* _EXERCISE GOAL_: The answer should consist solely of the lines from the first one below through the line containing "text \<open>", copied exactly.

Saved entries
------------------------------------------------

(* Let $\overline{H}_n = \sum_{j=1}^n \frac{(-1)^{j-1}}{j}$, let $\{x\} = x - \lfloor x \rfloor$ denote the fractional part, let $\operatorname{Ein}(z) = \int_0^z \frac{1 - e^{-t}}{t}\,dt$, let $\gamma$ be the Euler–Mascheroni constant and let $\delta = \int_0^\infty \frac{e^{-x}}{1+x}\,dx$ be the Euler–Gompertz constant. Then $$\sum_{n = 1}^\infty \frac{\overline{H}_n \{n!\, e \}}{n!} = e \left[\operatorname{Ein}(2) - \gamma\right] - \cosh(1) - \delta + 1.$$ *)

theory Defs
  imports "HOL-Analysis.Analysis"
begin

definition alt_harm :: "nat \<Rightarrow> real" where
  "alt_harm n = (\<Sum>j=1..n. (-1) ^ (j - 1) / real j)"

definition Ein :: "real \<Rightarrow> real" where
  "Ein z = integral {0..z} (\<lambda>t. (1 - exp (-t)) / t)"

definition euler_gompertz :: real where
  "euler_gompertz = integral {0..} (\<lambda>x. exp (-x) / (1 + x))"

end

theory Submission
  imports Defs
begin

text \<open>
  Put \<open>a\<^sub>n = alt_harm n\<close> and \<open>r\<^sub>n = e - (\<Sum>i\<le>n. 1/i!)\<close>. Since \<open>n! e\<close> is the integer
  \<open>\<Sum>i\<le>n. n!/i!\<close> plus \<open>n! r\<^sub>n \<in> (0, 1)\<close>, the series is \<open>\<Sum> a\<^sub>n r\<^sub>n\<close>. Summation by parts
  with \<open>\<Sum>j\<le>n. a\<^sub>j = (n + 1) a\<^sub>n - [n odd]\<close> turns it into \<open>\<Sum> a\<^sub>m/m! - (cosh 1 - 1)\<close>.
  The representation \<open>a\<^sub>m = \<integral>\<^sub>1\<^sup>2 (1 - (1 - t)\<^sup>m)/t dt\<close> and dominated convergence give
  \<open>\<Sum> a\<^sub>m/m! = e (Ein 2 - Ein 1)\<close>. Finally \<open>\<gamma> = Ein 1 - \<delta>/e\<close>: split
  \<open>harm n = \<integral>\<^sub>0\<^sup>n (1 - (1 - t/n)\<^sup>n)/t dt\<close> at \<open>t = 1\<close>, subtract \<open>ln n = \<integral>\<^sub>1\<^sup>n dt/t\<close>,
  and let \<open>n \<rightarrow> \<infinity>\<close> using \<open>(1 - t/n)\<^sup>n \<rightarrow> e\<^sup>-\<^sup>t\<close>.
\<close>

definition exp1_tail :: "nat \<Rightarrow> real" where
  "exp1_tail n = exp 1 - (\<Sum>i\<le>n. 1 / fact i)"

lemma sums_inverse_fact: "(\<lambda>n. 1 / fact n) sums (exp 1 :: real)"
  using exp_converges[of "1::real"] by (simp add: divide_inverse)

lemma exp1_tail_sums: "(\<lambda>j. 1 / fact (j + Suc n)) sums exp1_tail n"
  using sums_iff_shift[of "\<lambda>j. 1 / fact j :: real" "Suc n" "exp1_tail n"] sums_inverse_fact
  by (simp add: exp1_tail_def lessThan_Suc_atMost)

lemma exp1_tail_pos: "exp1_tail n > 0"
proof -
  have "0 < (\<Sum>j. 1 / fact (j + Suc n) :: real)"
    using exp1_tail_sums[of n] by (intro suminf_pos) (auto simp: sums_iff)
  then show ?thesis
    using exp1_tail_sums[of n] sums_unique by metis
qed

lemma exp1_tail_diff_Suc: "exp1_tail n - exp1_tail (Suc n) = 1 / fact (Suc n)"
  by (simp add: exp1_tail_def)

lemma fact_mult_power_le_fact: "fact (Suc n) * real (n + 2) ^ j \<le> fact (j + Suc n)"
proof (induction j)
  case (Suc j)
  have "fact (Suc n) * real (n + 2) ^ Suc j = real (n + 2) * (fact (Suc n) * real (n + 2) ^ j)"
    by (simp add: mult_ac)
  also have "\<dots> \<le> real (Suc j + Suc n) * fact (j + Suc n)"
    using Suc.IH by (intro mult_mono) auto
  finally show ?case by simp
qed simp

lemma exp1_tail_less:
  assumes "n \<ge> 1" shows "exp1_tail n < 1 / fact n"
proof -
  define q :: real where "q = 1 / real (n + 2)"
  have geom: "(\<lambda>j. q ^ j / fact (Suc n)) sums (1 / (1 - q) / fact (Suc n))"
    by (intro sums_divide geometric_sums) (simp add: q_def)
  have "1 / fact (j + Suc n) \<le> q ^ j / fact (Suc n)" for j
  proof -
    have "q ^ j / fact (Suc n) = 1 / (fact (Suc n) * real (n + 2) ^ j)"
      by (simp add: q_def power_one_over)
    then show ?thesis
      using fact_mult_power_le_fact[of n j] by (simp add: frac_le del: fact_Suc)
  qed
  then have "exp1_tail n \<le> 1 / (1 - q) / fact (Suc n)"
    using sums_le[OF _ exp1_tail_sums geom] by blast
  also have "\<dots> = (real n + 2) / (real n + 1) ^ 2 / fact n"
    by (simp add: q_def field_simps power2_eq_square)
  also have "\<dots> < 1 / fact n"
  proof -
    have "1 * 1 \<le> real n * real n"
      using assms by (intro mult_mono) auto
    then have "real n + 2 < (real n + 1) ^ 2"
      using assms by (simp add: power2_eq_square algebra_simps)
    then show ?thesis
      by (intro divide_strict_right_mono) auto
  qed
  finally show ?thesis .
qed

------------------------------------------------

* _PROBLEM SOLUTION_:
(* Let $\overline{H}_n = \sum_{j=1}^n \frac{(-1)^{j-1}}{j}$, let $\{x\} = x - \lfloor x \rfloor$ denote the fractional part, let $\operatorname{Ein}(z) = \int_0^z \frac{1 - e^{-t}}{t}\,dt$, let $\gamma$ be the Euler–Mascheroni constant and let $\delta = \int_0^\infty \frac{e^{-x}}{1+x}\,dx$ be the Euler–Gompertz constant. Then $$\sum_{n = 1}^\infty \frac{\overline{H}_n \{n!\, e \}}{n!} = e \left[\operatorname{Ein}(2) - \gamma\right] - \cosh(1) - \delta + 1.$$ *)

theory Defs
  imports "HOL-Analysis.Analysis"
begin

definition alt_harm :: "nat \<Rightarrow> real" where
  "alt_harm n = (\<Sum>j=1..n. (-1) ^ (j - 1) / real j)"

definition Ein :: "real \<Rightarrow> real" where
  "Ein z = integral {0..z} (\<lambda>t. (1 - exp (-t)) / t)"

definition euler_gompertz :: real where
  "euler_gompertz = integral {0..} (\<lambda>x. exp (-x) / (1 + x))"

end

theory Submission
  imports Defs
begin

text \<open>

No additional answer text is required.